> [PROBLEM REQUIREMENTS]
Each entry has to be reproduced in full, exactly as given.

> [STUDY MATERIAL]

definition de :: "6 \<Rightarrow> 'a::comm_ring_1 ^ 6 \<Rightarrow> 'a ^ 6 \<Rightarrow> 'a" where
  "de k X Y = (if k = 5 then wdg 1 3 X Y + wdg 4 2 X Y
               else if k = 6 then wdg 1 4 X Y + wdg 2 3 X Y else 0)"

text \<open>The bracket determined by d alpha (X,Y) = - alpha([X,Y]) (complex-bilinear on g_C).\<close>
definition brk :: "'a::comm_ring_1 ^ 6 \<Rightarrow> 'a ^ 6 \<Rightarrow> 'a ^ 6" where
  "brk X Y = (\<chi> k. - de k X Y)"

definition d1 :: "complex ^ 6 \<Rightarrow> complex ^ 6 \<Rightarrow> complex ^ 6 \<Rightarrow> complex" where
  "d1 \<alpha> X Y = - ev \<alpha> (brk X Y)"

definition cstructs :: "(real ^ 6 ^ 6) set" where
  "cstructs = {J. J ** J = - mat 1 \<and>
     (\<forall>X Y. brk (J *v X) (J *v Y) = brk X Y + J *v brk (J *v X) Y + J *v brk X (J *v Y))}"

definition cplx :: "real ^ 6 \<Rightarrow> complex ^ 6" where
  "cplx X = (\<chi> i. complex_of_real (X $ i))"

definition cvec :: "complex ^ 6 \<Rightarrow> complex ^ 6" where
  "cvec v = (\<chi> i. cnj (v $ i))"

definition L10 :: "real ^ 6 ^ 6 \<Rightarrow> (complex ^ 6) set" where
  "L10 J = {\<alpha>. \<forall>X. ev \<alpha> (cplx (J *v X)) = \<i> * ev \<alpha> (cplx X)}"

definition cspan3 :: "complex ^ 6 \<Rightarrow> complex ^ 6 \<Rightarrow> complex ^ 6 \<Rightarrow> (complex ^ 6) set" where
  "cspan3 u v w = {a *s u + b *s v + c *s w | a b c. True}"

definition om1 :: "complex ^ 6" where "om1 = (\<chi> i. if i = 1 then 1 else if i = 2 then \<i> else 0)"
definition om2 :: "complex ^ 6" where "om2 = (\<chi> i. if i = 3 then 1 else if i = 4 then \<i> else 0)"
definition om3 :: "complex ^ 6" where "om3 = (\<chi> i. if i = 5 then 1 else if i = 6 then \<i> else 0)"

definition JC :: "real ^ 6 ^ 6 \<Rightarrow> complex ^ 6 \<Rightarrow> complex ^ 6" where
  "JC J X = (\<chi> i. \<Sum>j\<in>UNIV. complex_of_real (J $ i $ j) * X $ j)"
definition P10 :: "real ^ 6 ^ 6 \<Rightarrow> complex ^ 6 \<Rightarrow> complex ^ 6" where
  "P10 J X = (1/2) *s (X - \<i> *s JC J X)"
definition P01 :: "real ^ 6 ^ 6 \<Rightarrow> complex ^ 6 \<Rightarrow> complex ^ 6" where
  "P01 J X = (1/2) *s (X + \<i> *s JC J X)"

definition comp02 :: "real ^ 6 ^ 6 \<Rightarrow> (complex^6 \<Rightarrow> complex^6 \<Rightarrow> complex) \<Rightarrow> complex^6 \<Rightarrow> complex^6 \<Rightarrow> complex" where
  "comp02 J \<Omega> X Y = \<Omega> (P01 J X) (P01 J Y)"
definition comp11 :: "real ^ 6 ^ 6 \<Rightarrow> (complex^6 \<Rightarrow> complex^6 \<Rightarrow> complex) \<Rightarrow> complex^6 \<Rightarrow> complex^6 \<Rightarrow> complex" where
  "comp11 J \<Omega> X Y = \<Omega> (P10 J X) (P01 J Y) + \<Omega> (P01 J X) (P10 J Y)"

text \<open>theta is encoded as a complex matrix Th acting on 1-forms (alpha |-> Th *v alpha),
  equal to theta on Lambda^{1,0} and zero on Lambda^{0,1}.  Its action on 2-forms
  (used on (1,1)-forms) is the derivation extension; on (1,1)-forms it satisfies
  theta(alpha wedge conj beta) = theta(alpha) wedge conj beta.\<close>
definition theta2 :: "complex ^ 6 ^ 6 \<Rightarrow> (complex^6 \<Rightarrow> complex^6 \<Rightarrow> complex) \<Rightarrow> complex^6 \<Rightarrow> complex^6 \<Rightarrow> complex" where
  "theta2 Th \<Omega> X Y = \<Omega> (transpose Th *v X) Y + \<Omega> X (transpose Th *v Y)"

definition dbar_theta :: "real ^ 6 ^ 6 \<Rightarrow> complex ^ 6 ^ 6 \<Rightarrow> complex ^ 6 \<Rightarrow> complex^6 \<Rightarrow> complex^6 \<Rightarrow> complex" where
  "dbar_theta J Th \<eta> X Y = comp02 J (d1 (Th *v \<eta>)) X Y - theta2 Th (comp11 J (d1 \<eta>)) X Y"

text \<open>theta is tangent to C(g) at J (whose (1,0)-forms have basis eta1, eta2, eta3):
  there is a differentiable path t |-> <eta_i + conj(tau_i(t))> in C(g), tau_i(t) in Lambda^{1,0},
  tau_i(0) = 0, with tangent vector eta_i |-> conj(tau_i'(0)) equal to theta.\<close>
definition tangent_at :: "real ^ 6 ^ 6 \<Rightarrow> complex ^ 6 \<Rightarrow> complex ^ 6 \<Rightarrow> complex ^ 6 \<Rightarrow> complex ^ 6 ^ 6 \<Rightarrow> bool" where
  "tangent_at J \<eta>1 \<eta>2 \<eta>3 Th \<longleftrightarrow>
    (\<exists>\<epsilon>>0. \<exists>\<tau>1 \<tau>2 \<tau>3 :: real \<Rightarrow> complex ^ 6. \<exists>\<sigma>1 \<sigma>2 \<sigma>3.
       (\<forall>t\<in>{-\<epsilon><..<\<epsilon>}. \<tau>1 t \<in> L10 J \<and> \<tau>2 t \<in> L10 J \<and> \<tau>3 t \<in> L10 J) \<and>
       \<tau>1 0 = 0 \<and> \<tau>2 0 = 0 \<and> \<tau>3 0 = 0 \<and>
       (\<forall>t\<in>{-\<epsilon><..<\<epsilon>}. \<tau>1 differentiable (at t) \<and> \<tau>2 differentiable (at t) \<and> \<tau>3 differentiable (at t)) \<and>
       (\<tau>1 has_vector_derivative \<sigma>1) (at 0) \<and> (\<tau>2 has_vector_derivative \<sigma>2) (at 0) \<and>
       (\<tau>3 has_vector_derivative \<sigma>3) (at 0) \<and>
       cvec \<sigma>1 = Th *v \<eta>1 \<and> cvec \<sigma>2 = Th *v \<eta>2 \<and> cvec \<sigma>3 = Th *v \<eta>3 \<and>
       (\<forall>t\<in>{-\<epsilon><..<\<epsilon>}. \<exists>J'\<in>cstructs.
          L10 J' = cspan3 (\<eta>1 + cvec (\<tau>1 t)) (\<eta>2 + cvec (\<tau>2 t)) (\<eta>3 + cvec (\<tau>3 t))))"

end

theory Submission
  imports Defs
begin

> [SOLUTION FOR THIS TASK]
definition de :: "6 \<Rightarrow> 'a::comm_ring_1 ^ 6 \<Rightarrow> 'a ^ 6 \<Rightarrow> 'a" where
  "de k X Y = (if k = 5 then wdg 1 3 X Y + wdg 4 2 X Y
               else if k = 6 then wdg 1 4 X Y + wdg 2 3 X Y else 0)"

text \<open>The bracket determined by d alpha (X,Y) = - alpha([X,Y]) (complex-bilinear on g_C).\<close>
definition brk :: "'a::comm_ring_1 ^ 6 \<Rightarrow> 'a ^ 6 \<Rightarrow> 'a ^ 6" where
  "brk X Y = (\<chi> k. - de k X Y)"

definition d1 :: "complex ^ 6 \<Rightarrow> complex ^ 6 \<Rightarrow> complex ^ 6 \<Rightarrow> complex" where
  "d1 \<alpha> X Y = - ev \<alpha> (brk X Y)"

definition cstructs :: "(real ^ 6 ^ 6) set" where
  "cstructs = {J. J ** J = - mat 1 \<and>
     (\<forall>X Y. brk (J *v X) (J *v Y) = brk X Y + J *v brk (J *v X) Y + J *v brk X (J *v Y))}"

definition cplx :: "real ^ 6 \<Rightarrow> complex ^ 6" where
  "cplx X = (\<chi> i. complex_of_real (X $ i))"

definition cvec :: "complex ^ 6 \<Rightarrow> complex ^ 6" where
  "cvec v = (\<chi> i. cnj (v $ i))"

definition L10 :: "real ^ 6 ^ 6 \<Rightarrow> (complex ^ 6) set" where
  "L10 J = {\<alpha>. \<forall>X. ev \<alpha> (cplx (J *v X)) = \<i> * ev \<alpha> (cplx X)}"

definition cspan3 :: "complex ^ 6 \<Rightarrow> complex ^ 6 \<Rightarrow> complex ^ 6 \<Rightarrow> (complex ^ 6) set" where
  "cspan3 u v w = {a *s u + b *s v + c *s w | a b c. True}"

definition om1 :: "complex ^ 6" where "om1 = (\<chi> i. if i = 1 then 1 else if i = 2 then \<i> else 0)"
definition om2 :: "complex ^ 6" where "om2 = (\<chi> i. if i = 3 then 1 else if i = 4 then \<i> else 0)"
definition om3 :: "complex ^ 6" where "om3 = (\<chi> i. if i = 5 then 1 else if i = 6 then \<i> else 0)"

definition JC :: "real ^ 6 ^ 6 \<Rightarrow> complex ^ 6 \<Rightarrow> complex ^ 6" where
  "JC J X = (\<chi> i. \<Sum>j\<in>UNIV. complex_of_real (J $ i $ j) * X $ j)"
definition P10 :: "real ^ 6 ^ 6 \<Rightarrow> complex ^ 6 \<Rightarrow> complex ^ 6" where
  "P10 J X = (1/2) *s (X - \<i> *s JC J X)"
definition P01 :: "real ^ 6 ^ 6 \<Rightarrow> complex ^ 6 \<Rightarrow> complex ^ 6" where
  "P01 J X = (1/2) *s (X + \<i> *s JC J X)"

definition comp02 :: "real ^ 6 ^ 6 \<Rightarrow> (complex^6 \<Rightarrow> complex^6 \<Rightarrow> complex) \<Rightarrow> complex^6 \<Rightarrow> complex^6 \<Rightarrow> complex" where
  "comp02 J \<Omega> X Y = \<Omega> (P01 J X) (P01 J Y)"
definition comp11 :: "real ^ 6 ^ 6 \<Rightarrow> (complex^6 \<Rightarrow> complex^6 \<Rightarrow> complex) \<Rightarrow> complex^6 \<Rightarrow> complex^6 \<Rightarrow> complex" where
  "comp11 J \<Omega> X Y = \<Omega> (P10 J X) (P01 J Y) + \<Omega> (P01 J X) (P10 J Y)"

text \<open>theta is encoded as a complex matrix Th acting on 1-forms (alpha |-> Th *v alpha),
  equal to theta on Lambda^{1,0} and zero on Lambda^{0,1}.  Its action on 2-forms
  (used on (1,1)-forms) is the derivation extension; on (1,1)-forms it satisfies
  theta(alpha wedge conj beta) = theta(alpha) wedge conj beta.\<close>
definition theta2 :: "complex ^ 6 ^ 6 \<Rightarrow> (complex^6 \<Rightarrow> complex^6 \<Rightarrow> complex) \<Rightarrow> complex^6 \<Rightarrow> complex^6 \<Rightarrow> complex" where
  "theta2 Th \<Omega> X Y = \<Omega> (transpose Th *v X) Y + \<Omega> X (transpose Th *v Y)"

definition dbar_theta :: "real ^ 6 ^ 6 \<Rightarrow> complex ^ 6 ^ 6 \<Rightarrow> complex ^ 6 \<Rightarrow> complex^6 \<Rightarrow> complex^6 \<Rightarrow> complex" where
  "dbar_theta J Th \<eta> X Y = comp02 J (d1 (Th *v \<eta>)) X Y - theta2 Th (comp11 J (d1 \<eta>)) X Y"

text \<open>theta is tangent to C(g) at J (whose (1,0)-forms have basis eta1, eta2, eta3):
  there is a differentiable path t |-> <eta_i + conj(tau_i(t))> in C(g), tau_i(t) in Lambda^{1,0},
  tau_i(0) = 0, with tangent vector eta_i |-> conj(tau_i'(0)) equal to theta.\<close>
definition tangent_at :: "real ^ 6 ^ 6 \<Rightarrow> complex ^ 6 \<Rightarrow> complex ^ 6 \<Rightarrow> complex ^ 6 \<Rightarrow> complex ^ 6 ^ 6 \<Rightarrow> bool" where
  "tangent_at J \<eta>1 \<eta>2 \<eta>3 Th \<longleftrightarrow>
    (\<exists>\<epsilon>>0. \<exists>\<tau>1 \<tau>2 \<tau>3 :: real \<Rightarrow> complex ^ 6. \<exists>\<sigma>1 \<sigma>2 \<sigma>3.
       (\<forall>t\<in>{-\<epsilon><..<\<epsilon>}. \<tau>1 t \<in> L10 J \<and> \<tau>2 t \<in> L10 J \<and> \<tau>3 t \<in> L10 J) \<and>
       \<tau>1 0 = 0 \<and> \<tau>2 0 = 0 \<and> \<tau>3 0 = 0 \<and>
       (\<forall>t\<in>{-\<epsilon><..<\<epsilon>}. \<tau>1 differentiable (at t) \<and> \<tau>2 differentiable (at t) \<and> \<tau>3 differentiable (at t)) \<and>
       (\<tau>1 has_vector_derivative \<sigma>1) (at 0) \<and> (\<tau>2 has_vector_derivative \<sigma>2) (at 0) \<and>
       (\<tau>3 has_vector_derivative \<sigma>3) (at 0) \<and>
       cvec \<sigma>1 = Th *v \<eta>1 \<and> cvec \<sigma>2 = Th *v \<eta>2 \<and> cvec \<sigma>3 = Th *v \<eta>3 \<and>
       (\<forall>t\<in>{-\<epsilon><..<\<epsilon>}. \<exists>J'\<in>cstructs.
          L10 J' = cspan3 (\<eta>1 + cvec (\<tau>1 t)) (\<eta>2 + cvec (\<tau>2 t)) (\<eta>3 + cvec (\<tau>3 t))))"

end

theory Submission
  imports Defs
begin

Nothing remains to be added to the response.